▶ _Problem to work on_: Whenever a line of the records below contains the word "blast", copy that line.

▶ _The data_:
(* Let $n\geq 4$ be an integer divisible by $2$ or by $3$. Then $t(n)\leq n-3$.
   Context: For a positive integer $n$ let $S(\mathbb{Z}_n)$ be the set of bijections $\mathbb{Z}_n\to\mathbb{Z}_n$ (identified with $S_n$). For $\pi\in S(\mathbb{Z}_n)$, $\mathrm{cyc}(\pi)$ is the number of cycles (including fixed points) in its cycle decomposition, and $t(\pi)=n-\mathrm{cyc}(\pi)$ is the minimum number of transpositions whose product is $\pi$. The circular class of $\pi$ is $[\pi]=\{x\mapsto \pi(x+b): b\in\mathbb{Z}_n\}$, $t([\pi])=\min_{\sigma\in[\pi]}t(\sigma)$, and $t(n)=\max_{\pi\in S(\mathbb{Z}_n)}t([\pi])$. *)

theory Defs
  imports "HOL-Combinatorics.Permutations"
begin

text \<open>Z_n is modelled as {0..<n} :: nat set with arithmetic mod n. A bijection of Z_n is
  a function p :: nat => nat with p permutes {0..<n} (identity outside).\<close>

definition cyc_orbit :: "(nat \<Rightarrow> nat) \<Rightarrow> nat \<Rightarrow> nat set" where
  "cyc_orbit p x = {y. \<exists>k. (p ^^ k) x = y}"

definition cyc :: "nat \<Rightarrow> (nat \<Rightarrow> nat) \<Rightarrow> nat" where
  "cyc n p = card (cyc_orbit p ` {0..<n})"

definition tperm :: "nat \<Rightarrow> (nat \<Rightarrow> nat) \<Rightarrow> nat" where
  "tperm n p = n - cyc n p"

definition rot :: "nat \<Rightarrow> (nat \<Rightarrow> nat) \<Rightarrow> nat \<Rightarrow> (nat \<Rightarrow> nat)" where
  "rot n p b = (\<lambda>x. if x < n then p ((x + b) mod n) else x)"

definition circ_class :: "nat \<Rightarrow> (nat \<Rightarrow> nat) \<Rightarrow> (nat \<Rightarrow> nat) set" where
  "circ_class n p = rot n p ` {0..<n}"

definition tclass :: "nat \<Rightarrow> (nat \<Rightarrow> nat) \<Rightarrow> nat" where
  "tclass n p = Min (tperm n ` circ_class n p)"

definition tn :: "nat \<Rightarrow> nat" where
  "tn n = Max (tclass n ` {p. p permutes {0..<n}})"

end

theory Submission
  imports Defs "HOL-Number_Theory.Cong"
begin

text \<open>Suppose every rotation \<open>x \<mapsto> p(x + b)\<close> of a permutation \<open>p\<close> of \<open>\<int>\<^sub>n\<close>, \<open>n \<ge> 4\<close>,
  has at most two cycles. The fixed points of the rotation by \<open>b\<close> are the \<open>p y\<close> with
  \<open>y - p y = b\<close>; two of them together with any further point would give three cycles, so
  \<open>y \<mapsto> y - p y\<close> is a bijection of \<open>\<int>\<^sub>n\<close>. Likewise a transposition of that rotation comes from
  \<open>y \<noteq> z\<close> with \<open>y + p y = z + p z\<close>, and together with its fixed point it would again give three
  cycles, so \<open>y \<mapsto> y + p y\<close> is a bijection too. Summing over \<open>\<int>\<^sub>n\<close>, the first bijection gives
  \<open>\<Sum> y \<equiv> \<Sum> y - \<Sum> p y = 0 (mod n)\<close>, impossible for even \<open>n\<close>; the squares of both give
  \<open>2 \<Sum> y\<^sup>2 \<equiv> \<Sum> ((y - p y)\<^sup>2 + (y + p y)\<^sup>2) = 4 \<Sum> y\<^sup>2 (mod n)\<close>, impossible for \<open>3 dvd n\<close>
  since \<open>2 \<Sum> y\<^sup>2 = n (n - 1) (2n - 1) / 3\<close>.\<close>

lemma cyc_orbit_self: "x \<in> cyc_orbit q x"
  unfolding cyc_orbit_def by (auto intro: exI[of _ 0])

lemma cyc_orbit_fixpoint:
  assumes "q x = x"
  shows "cyc_orbit q x = {x}"
proof -
  have "(q ^^ k) x = x" for k
    by (induction k) (simp_all add: assms)
  then show ?thesis
    unfolding cyc_orbit_def by auto
qed

lemma cyc_orbit_swap_subset:
  assumes "q x = u" "q u = x"
  shows "cyc_orbit q x \<subseteq> {x, u}"
proof -
  have "(q ^^ k) x \<in> {x, u}" for k
  proof (induction k)
    case (Suc k)
    then consider "(q ^^ k) x = x" | "(q ^^ k) x = u"
      by blast
    then show ?case
      using assms by cases simp_all
  qed simp
  then show ?thesis
    unfolding cyc_orbit_def by auto
qed

lemma three_le_cyc:
  assumes "a < n" "b < n" "c < n"
    and "cyc_orbit q a \<noteq> cyc_orbit q b" "cyc_orbit q a \<noteq> cyc_orbit q c"
      "cyc_orbit q b \<noteq> cyc_orbit q c"
  shows "3 \<le> cyc n q"
proof -
  have "3 = card {cyc_orbit q a, cyc_orbit q b, cyc_orbit q c}"
    using assms by simp
  also have "\<dots> \<le> card (cyc_orbit q ` {0..<n})"
    using assms by (intro card_mono) auto
  finally show ?thesis
    unfolding cyc_def .
qed

lemma exists_less_notin:
  assumes "finite S" "card S < n"
  shows "\<exists>c<n. c \<notin> S"
proof (rule ccontr)
  assume "\<not> ?thesis"
  then have "card {0..<n} \<le> card S"
    using assms(1) by (intro card_mono) auto
  with assms(2) show False
    by simp
qed

lemma three_le_cyc_two_fixpoints:
  assumes "q x = x" "q y = y" "x \<noteq> y" "x < n" "y < n" "3 \<le> n"
  shows "3 \<le> cyc n q"
proof -
  have "card {x, y} < n"
    using assms(6) by (simp add: card_insert_if)
  then obtain c where "c < n" "c \<notin> {x, y}"
    using exists_less_notin[of "{x, y}" n] by blast
  then show ?thesis
    using assms cyc_orbit_self[of c q]
    by (intro three_le_cyc[of x n y c]) (auto simp: cyc_orbit_fixpoint)
qed

lemma three_le_cyc_fixpoint_swap:
  assumes "q w = w" "q x = u" "q u = x" "w \<noteq> x" "w \<noteq> u" "w < n" "x < n" "u < n" "4 \<le> n"
  shows "3 \<le> cyc n q"
proof -
  have "card {w, x, u} < n"
    using assms(9) by (simp add: card_insert_if)
  then obtain c where "c < n" "c \<notin> {w, x, u}"
    using exists_less_notin[of "{w, x, u}" n] by blast
  then show ?thesis
    using assms cyc_orbit_swap_subset[OF assms(2,3)] cyc_orbit_self[of c q] cyc_orbit_self[of x q]
    by (intro three_le_cyc[of w n x c]) (auto simp: cyc_orbit_fixpoint)
qed

lemma rot_apply_shift:
  assumes "w < n" "x \<le> n" "y < n" "(y + x) mod n = (z + w) mod n"
  shows "rot n p ((z + n - x) mod n) w = p y"
proof -
  have "(w + (z + n - x) mod n) mod n = ((z + w) + (n - x)) mod n"
    using assms(2) by (simp add: mod_add_right_eq add_ac)
  also have "\<dots> = ((y + x) + (n - x)) mod n"
    using assms(4) by (metis mod_add_left_eq)
  also have "\<dots> = y"
    using assms(2,3) by simp
  finally show ?thesis
    using assms(1) by (simp add: rot_def)
qed

lemma bij_betw_if_inj_on_endo:
  assumes "finite A" "f ` A \<subseteq> A" "inj_on f A"
  shows "bij_betw f A A"
  using assms by (simp add: bij_betw_def endo_inj_surj)

lemma bij_diff_if_rotations_le_2_cycles:
  assumes p: "p permutes {0..<n}" and "3 \<le> n"
    and few: "\<And>b. b < n \<Longrightarrow> cyc n (rot n p b) \<le> 2"
  shows "bij_betw (\<lambda>y. (y + n - p y) mod n) {0..<n} {0..<n}"
proof (rule bij_betw_if_inj_on_endo)
  have p_less: "p y < n" if "y < n" for y
    using permutes_in_image[OF p] that by simp
  show "inj_on (\<lambda>y. (y + n - p y) mod n) {0..<n}"
  proof (rule inj_onI, rule ccontr)
    fix y z
    assume yz: "y \<in> {0..<n}" "z \<in> {0..<n}" "y \<noteq> z"
      and same: "(y + n - p y) mod n = (z + n - p z) mod n"
    let ?q = "rot n p ((y + n - p y) mod n)"
    have "?q (p y) = p y"
      using yz p_less rot_apply_shift[of "p y" n "p y" y y p] by (simp add: less_imp_le)
    moreover have "?q (p z) = p z"
      using yz p_less rot_apply_shift[of "p z" n "p z" z z p] by (simp add: same less_imp_le)
    moreover have "p y \<noteq> p z"
      using yz permutes_inj_on[OF p] by (auto dest: inj_onD)
    ultimately have "3 \<le> cyc n ?q"
      using yz p_less \<open>3 \<le> n\<close> by (intro three_le_cyc_two_fixpoints[of ?q "p y" "p z" n]) auto
    with few[of "(y + n - p y) mod n"] \<open>3 \<le> n\<close> show False
      by simp
  qed
qed auto

lemma bij_sum_if_rotations_le_2_cycles:
  assumes p: "p permutes {0..<n}" and "4 \<le> n"
    and few: "\<And>b. b < n \<Longrightarrow> cyc n (rot n p b) \<le> 2"
  shows "bij_betw (\<lambda>y. (y + p y) mod n) {0..<n} {0..<n}"
proof (rule bij_betw_if_inj_on_endo)
  have p_less: "p y < n" if "y < n" for y
    using permutes_in_image[OF p] that by simp
  show "inj_on (\<lambda>y. (y + p y) mod n) {0..<n}"
  proof (rule inj_onI, rule ccontr)
    fix y z
    assume yz: "y \<in> {0..<n}" "z \<in> {0..<n}" "y \<noteq> z"
      and same: "(y + p y) mod n = (z + p z) mod n"
    define b where "b = (z + n - p y) mod n"
    let ?q = "rot n p b"
    have "b < n"
      using \<open>4 \<le> n\<close> by (simp add: b_def)
    have swap: "?q (p y) = p z" "?q (p z) = p y"
      using yz p_less same unfolding b_def by (auto intro!: rot_apply_shift less_imp_le)
    have "p y \<noteq> p z"
      using yz permutes_inj_on[OF p] by (auto dest: inj_onD)
    text \<open>Every shift is some \<open>w - p w\<close>, so the rotation by \<open>b\<close> also fixes \<open>p w\<close>.\<close>
    have "b \<in> (\<lambda>y. (y + n - p y) mod n) ` {0..<n}"
      using bij_diff_if_rotations_le_2_cycles[of p n] p few \<open>4 \<le> n\<close> \<open>b < n\<close>
      by (simp add: bij_betw_def)
    then obtain w where "w < n" "(w + n - p w) mod n = b"
      by auto
    then have fixed: "?q (p w) = p w"
      using p_less rot_apply_shift[of "p w" n "p w" w w p] by (simp add: less_imp_le)
    then have "p w \<noteq> p y" "p w \<noteq> p z"
      using swap \<open>p y \<noteq> p z\<close> by metis+
    then have "3 \<le> cyc n ?q"
      using fixed swap yz p_less \<open>w < n\<close> \<open>4 \<le> n\<close>
      by (intro three_le_cyc_fixpoint_swap[of ?q "p w" "p y" "p z"]) simp_all
    with few[OF \<open>b < n\<close>] show False
      by simp
  qed
qed auto

lemma double_sum_int: "2 * (\<Sum>y<n. int y) = int n * (int n - 1)"
  by (induction n) (auto simp: algebra_simps)

lemma six_sum_squares_int: "6 * (\<Sum>y<n. int y ^ 2) = int n * (int n - 1) * (2 * int n - 1)"
  by (induction n) (auto simp: algebra_simps power2_eq_square)

lemma not_dvd_sum_if_even:
  assumes "even n" "0 < n"
  shows "\<not> int n dvd (\<Sum>y<n. int y)"
proof
  assume "int n dvd (\<Sum>y<n. int y)"
  then obtain k where "(\<Sum>y<n. int y) = int n * k"
    by blast
  then have "int n * (2 * k) = int n * (int n - 1)"
    using double_sum_int[of n] by simp
  then have "2 * k = int n - 1"
    using assms(2) by simp
  with assms(1) show False
    by presburger
qed

lemma not_dvd_double_sum_squares_if_3_dvd:
  assumes "3 dvd n" "0 < n"
  shows "\<not> int n dvd 2 * (\<Sum>y<n. int y ^ 2)"
proof
  assume "int n dvd 2 * (\<Sum>y<n. int y ^ 2)"
  then obtain k where "2 * (\<Sum>y<n. int y ^ 2) = int n * k"
    by blast
  then have "int n * (3 * k) = int n * ((int n - 1) * (2 * int n - 1))"
    using six_sum_squares_int[of n] by (simp add: algebra_simps)
  then have "3 * k = (int n - 1) * (2 * int n - 1)"
    using assms(2) by simp
  moreover obtain m where "n = 3 * m"
    using assms(1) by blast
  ultimately have "3 * (k - 6 * int m * int m + 3 * int m) = 1"
    by (simp add: algebra_simps)
  then show False
    by presburger
qed

lemma cong_int_diff_mod:
  assumes "x \<le> n"
  shows "[int ((y + n - x) mod n) = int y - int x] (mod int n)"
proof -
  have "int (y + n - x) = int y - int x + int n"
    using assms by (simp add: of_nat_diff)
  then show ?thesis
    by (simp add: of_nat_mod cong_def)
qed

lemma dvd_sum_if_bij_diff:
  assumes p: "bij_betw p {..<n} {..<n}" and d: "bij_betw d {..<n} {..<n}"
    and d_cong: "\<And>y. y < n \<Longrightarrow> [int (d y) = int y - int (p y)] (mod int n)"
  shows "int n dvd (\<Sum>y<n. int y)"
proof -
  have "(\<Sum>y<n. int y) = (\<Sum>y<n. int (d y))"
    using sum.reindex_bij_betw[OF d, of int] by simp
  also have "[\<dots> = (\<Sum>y<n. int y - int (p y))] (mod int n)"
    using d_cong by (intro cong_sum) simp
  also have "(\<Sum>y<n. int y - int (p y)) = 0"
    using sum.reindex_bij_betw[OF p, of int] by (simp add: sum_subtractf)
  finally show ?thesis
    by (simp add: cong_0_iff)
qed

lemma dvd_double_sum_squares_if_bij_diff_sum:
  assumes p: "bij_betw p {..<n} {..<n}" and d: "bij_betw d {..<n} {..<n}"
    and g: "bij_betw g {..<n} {..<n}"
    and d_cong: "\<And>y. y < n \<Longrightarrow> [int (d y) = int y - int (p y)] (mod int n)"
    and g_cong: "\<And>y. y < n \<Longrightarrow> [int (g y) = int y + int (p y)] (mod int n)"
  shows "int n dvd 2 * (\<Sum>y<n. int y ^ 2)"
proof -
  define S where "S = (\<Sum>y<n. int y ^ 2)"
  have "2 * S = (\<Sum>y<n. int (d y) ^ 2) + (\<Sum>y<n. int (g y) ^ 2)"
    using sum.reindex_bij_betw[OF d, of "\<lambda>y. int y ^ 2"]
      sum.reindex_bij_betw[OF g, of "\<lambda>y. int y ^ 2"] by (simp add: S_def)
  also have "[\<dots> = (\<Sum>y<n. (int y - int (p y)) ^ 2) + (\<Sum>y<n. (int y + int (p y)) ^ 2)] (mod int n)"
    using d_cong g_cong by (intro cong_add cong_sum cong_pow) simp_all
  finally have cong_squares:
    "[2 * S = (\<Sum>y<n. (int y - int (p y)) ^ 2) + (\<Sum>y<n. (int y + int (p y)) ^ 2)] (mod int n)" .
  have "(\<Sum>y<n. (int y - int (p y)) ^ 2) + (\<Sum>y<n. (int y + int (p y)) ^ 2)
      = (\<Sum>y<n. 2 * int y ^ 2 + 2 * int (p y) ^ 2)"
    unfolding sum.distrib[symmetric] by (intro sum.cong) (simp_all add: power2_eq_square algebra_simps)
  also have "\<dots> = 2 * S + 2 * (\<Sum>y<n. int (p y) ^ 2)"
    by (simp add: S_def sum.distrib sum_distrib_left)
  also have "(\<Sum>y<n. int (p y) ^ 2) = S"
    using sum.reindex_bij_betw[OF p, of "\<lambda>y. int y ^ 2"] by (simp add: S_def)
  finally have "(\<Sum>y<n. (int y - int (p y)) ^ 2) + (\<Sum>y<n. (int y + int (p y)) ^ 2) = 4 * S"
    by simp
  with cong_squares have "[2 * S = 4 * S] (mod int n)"
    by (simp only:)
  then have "int n dvd 4 * S - 2 * S"
    by (simp add: cong_iff_dvd_diff cong_sym_eq)
  then show ?thesis
    by (simp add: S_def)
qed

lemma exists_rotation_three_le_cyc:
  assumes p: "p permutes {0..<n}" and "4 \<le> n" and "2 dvd n \<or> 3 dvd n"
  shows "\<exists>b<n. 3 \<le> cyc n (rot n p b)"
proof (rule ccontr)
  assume "\<not> ?thesis"
  then have few: "\<And>b. b < n \<Longrightarrow> cyc n (rot n p b) \<le> 2"
    by force
  have p_le: "p y \<le> n" if "y < n" for y
    using permutes_in_image[OF p] that by (simp add: less_imp_le)
  have p_bij: "bij_betw p {..<n} {..<n}"
    using permutes_imp_bij[OF p] by (simp add: atLeast0LessThan)
  have d_bij: "bij_betw (\<lambda>y. (y + n - p y) mod n) {..<n} {..<n}"
    using bij_diff_if_rotations_le_2_cycles[of p n] p few \<open>4 \<le> n\<close>
    by (simp add: atLeast0LessThan)
  have d_cong: "[int ((y + n - p y) mod n) = int y - int (p y)] (mod int n)" if "y < n" for y
    using p_le[OF that] by (rule cong_int_diff_mod)
  consider "even n" | "3 dvd n"
    using assms(3) by blast
  then show False
  proof cases
    case 1
    then show False
      using dvd_sum_if_bij_diff[OF p_bij d_bij d_cong] not_dvd_sum_if_even \<open>4 \<le> n\<close> by simp
  next
    case 2
    have g_bij: "bij_betw (\<lambda>y. (y + p y) mod n) {..<n} {..<n}"
      using bij_sum_if_rotations_le_2_cycles[of p n] p few \<open>4 \<le> n\<close>
      by (simp add: atLeast0LessThan)
    have g_cong: "[int ((y + p y) mod n) = int y + int (p y)] (mod int n)" for y
      by (simp add: of_nat_mod)
    show False
      using dvd_double_sum_squares_if_bij_diff_sum[OF p_bij d_bij g_bij d_cong g_cong]
        not_dvd_double_sum_squares_if_3_dvd[OF 2] \<open>4 \<le> n\<close> by simp
  qed
qed

lemma tclass_le_tperm_rot:
  assumes "b < n"
  shows "tclass n p \<le> tperm n (rot n p b)"
  unfolding tclass_def circ_class_def using assms by (intro Min_le) auto

theorem theorem1p3:
  fixes n :: nat
  assumes "n \<ge> 4" and "2 dvd n \<or> 3 dvd n"
  shows "tn n \<le> n - 3"
proof -
  have "tclass n p \<le> n - 3" if p: "p permutes {0..<n}" for p
  proof -
    obtain b where "b < n" "3 \<le> cyc n (rot n p b)"
      using exists_rotation_three_le_cyc[OF p assms] by blast
    then have "tclass n p \<le> tperm n (rot n p b)"
      by (intro tclass_le_tperm_rot)
    also have "\<dots> \<le> n - 3"
      using \<open>3 \<le> cyc n (rot n p b)\<close> by (simp add: tperm_def)
    finally show ?thesis .
  qed
  moreover have "finite {p. p permutes {0..<n}}"
    by (simp add: finite_permutations)
  moreover have "{p. p permutes {0..<n}} \<noteq> {}"
    using permutes_id by blast
  ultimately show ?thesis
    unfolding tn_def by (subst Max_le_iff) auto
qed

end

▶ _The completed task_:
      by blast
    using exists_less_notin[of "{x, y}" n] by blast
    using exists_less_notin[of "{w, x, u}" n] by blast
    by blast
    by blast
    using assms(1) by blast
    using assms(3) by blast
      using exists_rotation_three_le_cyc[OF p assms] by blast
    using permutes_id by blast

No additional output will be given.